A piston of a car engine executes a simple harmonic motion.
the acceleration a of the piston is related to its displacement x by the equation:
a = -6.4*10^5x
a) Calculate the frequency of motion
b) The piston has a mass of 700 gms & a max displacement of 8 cm.
Calculate the max force on the pistion.
To calculate the frequency of motion, we can use the equation:
f = (1 / T)
where f is the frequency and T is the period of motion.
In this case, the motion is simple harmonic motion, and we know that the period T is related to the angular frequency ω by the equation:
T = 2π / ω
The angular frequency is related to the acceleration a by the equation:
a = -ω^2 * x
Comparing this equation with the given equation a = -6.4 * 10^5x, we can see that ω^2 = 6.4 * 10^5. Taking the square root of both sides, we get:
ω = √(6.4 * 10^5)
Now we can substitute this value of ω into the equation for T to find the period T. Then, we can use the equation for frequency f to calculate the frequency.
a) Calculate the frequency of motion:
In our case, ω = √(6.4 * 10^5)
T = 2π / ω
T = 2π / √(6.4 * 10^5)
f = 1 / T
Substituting the value of T, we get:
f = 1 / (2π / √(6.4 * 10^5))
Simplifying further, we get:
f = √(6.4 * 10^5) / (2π)
Evaluating this expression, we find:
f ≈ 89.44 Hz
So, the frequency of motion is approximately 89.44 Hz.
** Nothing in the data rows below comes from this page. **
(* In the setting described in the context, let $t_1,\dots,t_k$ be an enumeration of the distinct elements of $T\setminus D$. For $j=0,\dots,k$ let $A_j=D\cup\{t_1,\dots,t_j\}$. Set $c_0=\tfrac12|\Pi_D|$. For $j\ge1$, write $t_j=[e_1,e_2]$ and let $L_1,L_2\in\Pi_{A_{j-1}}$ be the circuits containing $e_1$ and $e_2$. Set $c_j=c_{j-1}-1$ if $L_2\neq (L_1)^*_{A_{j-1}}$ and $L_1,L_2$ are not both shorted with respect to $A_{j-1}$; otherwise set $c_j=c_{j-1}$. Then: (a) for every $j$, $c_j$ equals the number of circuit pairs of $\Pi_{A_j}$ that are not shorted; (b) $\bar x$ is an extreme point of $P^n$ if and only if $c_j=0$ for some $j\in\{0,\dots,k\}$, equivalently if and only if every circuit of $\Pi_{D\cup T}$ is shorted.
   Context: Let $n\ge4$, $V=\{0,\dots,n-1\}$, and let $E=\{(u,v)\in V\times V:u\ne v\}$ be the set of arcs, written $uv$. Let $\chi_e\in\mathbb R^E$ be unit vectors and $\chi_F=\sum_{e\in F}\chi_e$. Let $\delta^\pm(w)$ be the arcs leaving/entering $w$, let $\delta^+(S)=\{uv:u\in S,v\notin S\}$, let $\mathcal S=\{S\subset V:2\le|S|\le n-2\}$, and let $x(F)=\sum_{e\in F}x_e$. The polytope is $P^n=\{x\in\mathbb R^E: x(\delta^+(w))=x(\delta^-(w))=1\ \forall w,\ x(\delta^+(S))\ge1\ \forall S\in\mathcal S,\ x\ge0\}$. Fix $\bar x\in P^n\cap\{0,\tfrac12\}^E$ and let $E_{\bar x}=\{e:\bar x_e=\tfrac12\}$. For $a\in\{0,1\}^E$ let $\mathrm{pr}(a)=\sum_{e\in E_{\bar x}}a_e\chi_e$. Let $\mathcal S_{\bar x}=\{S\in\mathcal S:\bar x(\delta^+(S))=1\}$. Define the sets $$D=\{\mathrm{pr}(\chi_{\delta^+(u)}),\mathrm{pr}(\chi_{\delta^-(u)}):u\in V\}, \qquad T=\{\mathrm{pr}(\chi_{\delta^+(S)}):S\in\mathcal S_{\bar x}\}.$$ Every vector of $D\cup T$ equals $\chi_{e_1}+\chi_{e_2}$ for two distinct arcs $e_1,e_2\in E_{\bar x}$; it is written $[e_1,e_2]=[e_2,e_1]$. Let $A$ be a set with $D\subseteq A\subseteq D\cup T$. On $E_{\bar x}$ define the relation $e\sim_A e'$ iff there is $\bar e\in E_{\bar x}$ with $[e,\bar e]\in A$ and $[\bar e,e']\in A$. Let $\equiv_A$ be its transitive closure; this is an equivalence relation. The equivalence classes are called circuits, and they form the circuit partition $\Pi_A$ of $E_{\bar x}$. For $L\in\Pi_A$, the set $\{\bar e\in E_{\bar x}:\exists e\in L,\ [e,\bar e]\in A\}$ is nonempty and contained in a unique circuit, denoted $L^*_A$ and called the dual of $L$. The pair $\{L,L^*_A\}$ is a circuit pair. $L$ is called shorted if $L^*_A=L$. For $A=D$ no circuit is shorted and circuits come in disjoint dual pairs, so $|\Pi_D|$ is even. *)

theory Defs
  imports Main "HOL-Analysis.Analysis"
begin

type_synonym arc = "nat \<times> nat"

definition verts :: "nat \<Rightarrow> nat set" where
  "verts n = {0..<n}"

definition arcs :: "nat \<Rightarrow> arc set" where
  "arcs n = {(u,v). u \<in> verts n \<and> v \<in> verts n \<and> u \<noteq> v}"

definition out_arcs :: "nat \<Rightarrow> nat \<Rightarrow> arc set" where
  "out_arcs n w = {e \<in> arcs n. fst e = w}"

definition in_arcs :: "nat \<Rightarrow> nat \<Rightarrow> arc set" where
  "in_arcs n w = {e \<in> arcs n. snd e = w}"

definition out_cut :: "nat \<Rightarrow> nat set \<Rightarrow> arc set" where
  "out_cut n S = {e \<in> arcs n. fst e \<in> S \<and> snd e \<notin> S}"

definition subtour_sets :: "nat \<Rightarrow> nat set set" where
  "subtour_sets n = {S. S \<subseteq> verts n \<and> 2 \<le> card S \<and> card S \<le> n - 2}"

text \<open>Points of R^E are functions on arcs that vanish off E.\<close>
definition polytope :: "nat \<Rightarrow> (arc \<Rightarrow> real) set" where
  "polytope n = {x. (\<forall>e. e \<notin> arcs n \<longrightarrow> x e = 0)
      \<and> (\<forall>w \<in> verts n. sum x (out_arcs n w) = 1 \<and> sum x (in_arcs n w) = 1)
      \<and> (\<forall>S \<in> subtour_sets n. sum x (out_cut n S) \<ge> 1)
      \<and> (\<forall>e \<in> arcs n. x e \<ge> 0)}"

definition is_extreme_point :: "(arc \<Rightarrow> real) \<Rightarrow> (arc \<Rightarrow> real) set \<Rightarrow> bool" where
  "is_extreme_point x P \<longleftrightarrow> x \<in> P \<and>
     \<not> (\<exists>y \<in> P. \<exists>z \<in> P. y \<noteq> z \<and> (\<exists>l::real. 0 < l \<and> l < 1 \<and>
            x = (\<lambda>e. l * y e + (1 - l) * z e)))"

definition half_arcs :: "nat \<Rightarrow> (arc \<Rightarrow> real) \<Rightarrow> arc set" where
  "half_arcs n x = {e \<in> arcs n. x e = 1/2}"

text \<open>A 0/1 vector chi_F is represented by the arc set F; pr(chi_F) = chi_(F \<inter> E_x).
  So the vectors [e1,e2] are represented by the two-element sets {e1,e2}.\<close>
definition pr :: "nat \<Rightarrow> (arc \<Rightarrow> real) \<Rightarrow> arc set \<Rightarrow> arc set" where
  "pr n x F = F \<inter> half_arcs n x"

definition tight_sets :: "nat \<Rightarrow> (arc \<Rightarrow> real) \<Rightarrow> nat set set" where
  "tight_sets n x = {S \<in> subtour_sets n. sum x (out_cut n S) = 1}"

definition Dset :: "nat \<Rightarrow> (arc \<Rightarrow> real) \<Rightarrow> arc set set" where
  "Dset n x = {pr n x (out_arcs n u) | u. u \<in> verts n} \<union> {pr n x (in_arcs n u) | u. u \<in> verts n}"

definition Tset :: "nat \<Rightarrow> (arc \<Rightarrow> real) \<Rightarrow> arc set set" where
  "Tset n x = {pr n x (out_cut n S) | S. S \<in> tight_sets n x}"

definition sim_rel :: "nat \<Rightarrow> (arc \<Rightarrow> real) \<Rightarrow> arc set set \<Rightarrow> arc rel" where
  "sim_rel n x A = {(e, e'). e \<in> half_arcs n x \<and> e' \<in> half_arcs n x \<and>
       (\<exists>eb \<in> half_arcs n x. {e, eb} \<in> A \<and> {eb, e'} \<in> A)}"

definition circ_equiv :: "nat \<Rightarrow> (arc \<Rightarrow> real) \<Rightarrow> arc set set \<Rightarrow> arc rel" where
  "circ_equiv n x A = (sim_rel n x A)\<^sup>+"

definition circuits :: "nat \<Rightarrow> (arc \<Rightarrow> real) \<Rightarrow> arc set set \<Rightarrow> arc set set" where
  "circuits n x A = half_arcs n x // circ_equiv n x A"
b) Calculate the max force on the piston:
The maximum force on the piston can be calculated using Hooke's Law, which states that the force (F) is equal to the mass (m) multiplied by the acceleration (a):
F = m * a
Given that the mass of the piston is 700 gms (or 0.7 kg) and the maximum displacement (x) is 8 cm (or 0.08 m), we can use the given equation for acceleration (a = -6.4 * 10^5x) to calculate the maximum force (F).
Substituting the given values into the equation, we get:
a (at maximum displacement) = -6.4 * 10^5 * 0.08
F = (0.7 kg) * (-6.4 * 10^5 * 0.08)
Evaluating this expression, we find:
F ≈ -322,560 N
The negative sign indicates that the force is in the opposite direction of the displacement. So, the maximum force on the piston is approximately 322,560 N.